Mutual Funds, which deploy money exclusively in shares of PSUs, are among the only three equity fund categories that have given positive returns so far in 2026.
PSU mutual funds defy market slump in 2026 with strong three- and five-year returns
With equities on a steady downward spiral due to a host of factors, including the war in the Middle East, is there any sliver of hope left in the space? While most equity mutual fund (MF) categories have slipped into the red during the short-term and have not generated great returns in the three and five-year timeframe, funds that invest in shares of PSUs (Public Sector Units) have been an exception.
MFs, which deploy money exclusively in shares of PSUs, are among the only three equity fund categories that have given positive returns so far in 2026. Incidentally, the category is the best performer among equity funds in the three and five-year horizon offering investors 30.5% and 27.3% (as on March 11) returns on an annualised basis during the timeframe.
Data as on March 11, 2026
While the best performer among equity PSU MFs surged nearly 29% in the last one year, the worst performer declined by about 5.6% during the period.
But there are only a handful of funds (seven to be precise) to choose from in the category. And the portfolios of these funds are heavily stacked in favour of PSU banks and companies engaged in the energy and utilities businesses.
State Bank of India (SBI), Bharat Petroleum Corporation (BPCL), Bank of Baroda and NTPC are among the top picks of equity MFs investing in PSUs. The scrips of these PSUs have been among the best performers on the bourses.
While the SBI scrip has soared by 49.3% in absolute terms during the last one year compared to the 5.7% recorded by NIFTY-50 index, Bank of Baroda surged by 42.8%, BPCL increased by 22.9% and NTPC was up by 17.4%.
“The strong performance of equity mutual funds investing in PSU stocks has largely been driven by a combination of earnings recovery, valuation re-rating and policy support,” said Rajani Tandale, senior vice president, mutual fund, 1 Finance, a personal finance advisory firm. “PSU funds delivered strong returns driven by valuation re-rating from historically low levels, with stocks moving from cheap to reasonable valuations,” said Swati Jain, CEO, Wealth, Arihant Capital Markets.
With many PSUs having presence in infrastructure-related sectors, the government’s increased focus on them has had a positive impact on companies. The allocation for infrastructure spending, as a percentage of GDP (gross domestic product), has increased from 1.13% in 2019-20 to a projected 3.2% in 2026-27. If the government continues to spend big on infrastructure, PSUs would gain. PSUs saw an uptick in their fortunes in tune with the government’s spending on the sector to improve the overall economy, say experts.
“Over the past few years, PSU banks have significantly improved their balance sheets with a sharp decline in NPAs, while the government’s sustained infrastructure and capital expenditure push has supported sectors such as defence, power and energy where many PSUs operate,” Tandale said. “These funds also benefited from starting at relatively depressed valuations, so the rally reflected both improved fundamentals and a market re-rating of the sector,” she said.

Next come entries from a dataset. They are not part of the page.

theorem theorem3p4:
  shows "\<exists>S :: (nat \<times> (nat \<Rightarrow> nat \<Rightarrow> bool)) set. finite S \<and>
    (\<forall>n E. simple_graph n E \<and> chromatic_number n E = 3 \<and> det (adj_matrix n E) \<noteq> 0
       \<and> energy n E < real n - 1 + avg_degree n E
       \<longrightarrow> (\<exists>(n', E') \<in> S. graph_iso n E n' E'))"
proof (intro exI conjI allI impI)
  show "finite {(n, E). n < 3000 \<and> simple_graph n E}"
    by (rule finite_simple_graphs)
next
  fix n E
  assume H: "simple_graph n E \<and> chromatic_number n E = 3 \<and> det (adj_matrix n E) \<noteq> 0
    \<and> energy n E < real n - 1 + avg_degree n E"
  have "n < 3000"
  proof (rule ccontr)
    assume "\<not> n < 3000"
    moreover have "colorable n E 3"
      using H colorable_chromatic_number by metis
    ultimately have "real n - 1 + avg_degree n E \<le> energy n E"
      using H by (intro energy_ge_if_3_colorable) auto
    then show False
      using H by linarith
  qed
  then show "\<exists>(n', E') \<in> {(n, E). n < 3000 \<and> simple_graph n E}. graph_iso n E n' E'"
    using H graph_iso_refl by blast
qed

end
lemma terms_val_bound:
  assumes "\<forall>(c,fs)\<in>set L. length fs \<ge> d" and "norm u \<le> 1"
  shows "cmod (terms_val L u) \<le> coeff_norm L * norm u ^ d"
  using assms(1)
proof (induction L)
  case Nil then show ?case by simp
next
  case (Cons p L)
  obtain c fs where p: "p = (c,fs)" by (cases p)
  have "norm u ^ length fs \<le> norm u ^ d"
    using Cons.prems p assms(2) by (intro power_decreasing) auto
  then have "cmod (c * monomial_val fs u) \<le> cmod c * norm u ^ d"
    unfolding norm_mult by (intro mult_left_mono order_trans[OF monomial_val_norm]) auto
  moreover have "cmod (terms_val L u) \<le> coeff_norm L * norm u ^ d" using Cons by auto
  moreover have "cmod (terms_val (p#L) u) \<le> cmod (c * monomial_val fs u) + cmod (terms_val L u)"
    by (simp add: p norm_triangle_ineq)
  ultimately show ?case
    by (simp add: p distrib_right)
qed

lemma terms_deriv_bound:
  assumes "\<forall>(c,fs)\<in>set L. length fs \<ge> 2" and "norm u \<le> 1"
  shows "cmod (terms_deriv L u w) \<le> coeff_deg_norm L * norm u * norm w"
  using assms(1)
proof (induction L)
  case Nil then show ?case by simp
next
  case (Cons p L)
  obtain c fs where p: "p = (c,fs)" by (cases p)
  have "norm u ^ (length fs - 1) \<le> norm u ^ 1"
    using Cons.prems p assms(2) by (intro power_decreasing) auto
  then have "real (length fs) * norm u ^ (length fs - 1) * norm w \<le> real (length fs) * norm u * norm w"
    by (intro mult_right_mono mult_left_mono) auto
  then have "cmod (monomial_deriv fs u w) \<le> real (length fs) * norm u * norm w"
    using monomial_deriv_norm[of fs u w] by linarith
  then have "cmod (c * monomial_deriv fs u w) \<le> cmod c * (real (length fs) * norm u * norm w)"
    unfolding norm_mult by (intro mult_left_mono) auto
  moreover have "cmod (terms_deriv L u w) \<le> coeff_deg_norm L * norm u * norm w" using Cons by auto
  moreover have "cmod (terms_deriv (p#L) u w) \<le> cmod (c * monomial_deriv fs u w) + cmod (terms_deriv L u w)"
    by (simp add: p norm_triangle_ineq)
  ultimately show ?case
    by (simp add: p distrib_right)
qed

lemma norm_vec_le_sum: "norm (x::'a::real_normed_vector^'n) \<le> (\<Sum>k\<in>UNIV. norm (x $ k))"
  unfolding norm_vec_def by (rule L2_set_le_sum) simp

definition pmap_coeff_norm :: "'n::finite pmap \<Rightarrow> real" where
  "pmap_coeff_norm P = (\<Sum>k\<in>UNIV. coeff_norm (P k))"

definition pmap_coeff_deg_norm :: "'n::finite pmap \<Rightarrow> real" where
  "pmap_coeff_deg_norm P = (\<Sum>k\<in>UNIV. coeff_deg_norm (P k))"

lemma pmap_coeff_norm_nonneg: "pmap_coeff_norm P \<ge> 0"
  by (simp add: pmap_coeff_norm_def sum_nonneg coeff_norm_nonneg)

lemma pmap_coeff_deg_norm_nonneg: "pmap_coeff_deg_norm P \<ge> 0"
  by (simp add: pmap_coeff_deg_norm_def sum_nonneg coeff_deg_norm_nonneg)

lemma pmap_val_bound:
  assumes "\<forall>k. \<forall>(c,fs)\<in>set (ts k). length fs \<ge> d" and "norm u \<le> 1"
  shows "norm (pmap_val ts u) \<le> pmap_coeff_norm ts * norm u ^ d"
proof -
  have "norm (pmap_val ts u) \<le> (\<Sum>k\<in>UNIV. cmod (terms_val (ts k) u))"
    using norm_vec_le_sum[of "pmap_val ts u"] by simp
  also have "\<dots> \<le> (\<Sum>k\<in>UNIV. coeff_norm (ts k) * norm u ^ d)"
    using assms by (intro sum_mono terms_val_bound) auto
  finally show ?thesis by (simp add: sum_distrib_right pmap_coeff_norm_def)
qed

lemma pmap_deriv_bound:
  assumes "\<forall>k. \<forall>(c,fs)\<in>set (ts k). length fs \<ge> 2" and "norm u \<le> 1"
  shows "norm (pmap_deriv ts u w) \<le> pmap_coeff_deg_norm ts * norm u * norm w"
proof -
  have "norm (pmap_deriv ts u w) \<le> (\<Sum>k\<in>UNIV. cmod (terms_deriv (ts k) u w))"
    using norm_vec_le_sum[of "pmap_deriv ts u w"] by simp
  also have "\<dots> \<le> (\<Sum>k\<in>UNIV. coeff_deg_norm (ts k) * norm u * norm w)"
    using assms by (intro sum_mono terms_deriv_bound) auto
  finally show ?thesis by (simp add: sum_distrib_right pmap_coeff_deg_norm_def)
qed

lemma terms_val_map_cons: "terms_val (map (\<lambda>(c,gs). (c, f#gs)) L) u = factor_val f u * terms_val L u"
  by (induction L) (auto simp: algebra_simps)

lemma terms_val_map_app: "terms_val (map (\<lambda>(c,gs). (c, gs @ fs)) L) u = terms_val L u * monomial_val fs u"
  by (induction L) (auto simp: algebra_simps)

lemma terms_val_map_scale: "terms_val (map (\<lambda>(c',gs). (c * c', gs)) L) u = c * terms_val L u"
  by (induction L) (auto simp: algebra_simps)

lemma terms_val_filter: "terms_val L u = terms_val (filter P L) u + terms_val (filter (\<lambda>x. \<not> P x) L) u"
  by (induction L) auto

lemma terms_deriv_eq_terms_val:
  assumes "\<And>fs. monomial_deriv fs u w = terms_val (g fs) u"
  shows "terms_deriv L u w = terms_val (concat (map (\<lambda>(c,fs). map (\<lambda>(c',gs). (c * c', gs)) (g fs)) L)) u"
  by (induction L) (auto simp: assms terms_val_map_scale)

definition conj_factor :: "'n factor \<Rightarrow> 'n factor" where "conj_factor f = (fst f, \<not> snd f)"

lemma factor_val_conj_factor: "factor_val (conj_factor f) u = cnj (factor_val f u)"
  by (simp add: factor_val_def conj_factor_def)

lemma monomial_val_conj_factors: "monomial_val (map conj_factor fs) u = cnj (monomial_val fs u)"
  by (induction fs) (auto simp: factor_val_conj_factor)

definition conj_terms :: "'n terms \<Rightarrow> 'n terms" where
  "conj_terms L = map (\<lambda>(c,gs). (cnj c, map conj_factor gs)) L"

lemma terms_val_conj_terms: "terms_val (conj_terms L) u = cnj (terms_val L u)"
  by (induction L) (auto simp: conj_terms_def monomial_val_conj_factors)

text \<open>The frequency of a monomial is the imaginary part of its eigenvalue under the linear
  flow \<open>z\<^sub>j \<mapsto> e\<^bsup>\<gamma>\<^sub>j t\<^esup> z\<^sub>j\<close>: the factor \<open>z\<^sub>j\<close> contributes \<open>\<omega>\<^sub>j\<close> and \<open>conj z\<^sub>j\<close> contributes \<open>-\<omega>\<^sub>j\<close>.
  The \<open>k\<close>-th non-resonance condition of a monomial says its frequency differs from \<open>\<omega>\<^sub>k\<close>.\<close>

definition frequency :: "('n \<Rightarrow> real) \<Rightarrow> 'n factor list \<Rightarrow> real" where
  "frequency \<omega> fs = sum_list (map (\<lambda>f. if snd f then - \<omega> (fst f) else \<omega> (fst f)) fs)"

lemma frequency_Nil[simp]: "frequency \<omega> [] = 0"
  and frequency_Cons[simp]: "frequency \<omega> (f#fs) = (if snd f then - \<omega> (fst f) else \<omega> (fst f)) + frequency \<omega> fs"
  and frequency_append[simp]: "frequency \<omega> (fs @ gs) = frequency \<omega> fs + frequency \<omega> gs"
  by (simp_all add: frequency_def)

lemma frequency_conj_factors[simp]: "frequency \<omega> (map conj_factor fs) = - frequency \<omega> fs"
  by (induction fs) (auto simp: conj_factor_def)

definition nonresonant_deg_ge :: "('n \<Rightarrow> real) \<Rightarrow> nat \<Rightarrow> 'n pmap \<Rightarrow> bool" where
  "nonresonant_deg_ge \<omega> d P \<longleftrightarrow> (\<forall>k. \<forall>(c,fs)\<in>set (P k). length fs \<ge> d \<and> frequency \<omega> fs \<noteq> \<omega> k)"

definition factor_subst_terms :: "'n factor \<Rightarrow> 'n pmap \<Rightarrow> 'n terms" where
  "factor_subst_terms f P = (if snd f then conj_terms (P (fst f)) else P (fst f))"

lemma factor_val_pmap_val: "factor_val f (pmap_val P u) = terms_val (factor_subst_terms f P) u"
  by (simp add: factor_val_def factor_subst_terms_def terms_val_conj_terms)

fun monomial_deriv_subst_terms :: "'n factor list \<Rightarrow> 'n pmap \<Rightarrow> 'n terms" where
  "monomial_deriv_subst_terms [] P = []"
| "monomial_deriv_subst_terms (f#fs) P = map (\<lambda>(c,gs). (c, gs @ fs)) (factor_subst_terms f P) @ map (\<lambda>(c,gs). (c, f#gs)) (monomial_deriv_subst_terms fs P)"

The union government’s sustained commitment to infrastructure-led economic growth with increase in capital expenditure to a record ₹12.2 lakh crore in the budget for 2026.27, alongside the proposed ‘Infrastructure Risk Guarantee Fund’, meaningfully improves project viability, enhances risk-sharing, and will further mobilises long-duration institutional capital, say industry experts.
Can the category sustain the momentum? Advisors say that these funds would not be able to match the current performance. “Expecting the same pace of returns going forward may not be realistic. From here, performance will depend more on earnings delivery and execution rather than valuation expansion,” Tandale said.
“Power generation companies like NTPC and GAIL, shipping companies like SCI, fertilizer companies like NFL, RCF will face pressure due to higher input costs (due to the Iran-Israel war). This can affect the performance of the overall PSUs in the medium term,” Jain said. “The structural capex cycle, governance reforms, strong order books will help PSUs in the long term. The future returns from these funds will depend far more on earnings growth and actual execution of government capex plans,” she said.
How much should investors allocate to thematic funds such as equity MFs investing in PSUs? “Investors should also recognise that sectoral or thematic calls, including PSU-focused strategies, are inherently high-risk bets because they involve concentrated exposure to a narrow segment of the market and are often linked to policy cycles,” Tandale said.
“Go for PSU or any thematic funds only if you have a high-risk appetite, lots of patience to endure negative and below-industry average returns for a few years and also have the know-how of when to get in and out of these funds,” Jain said.
“For most retail investors the core of the portfolio should remain in diversified categories such as flexi-cap funds, which offer broader market exposure and better risk diversification over long investment horizons,” Tandale said. “Invest in well-diversified flexi cap funds, so the fund manager can do the job for you,” Jain said.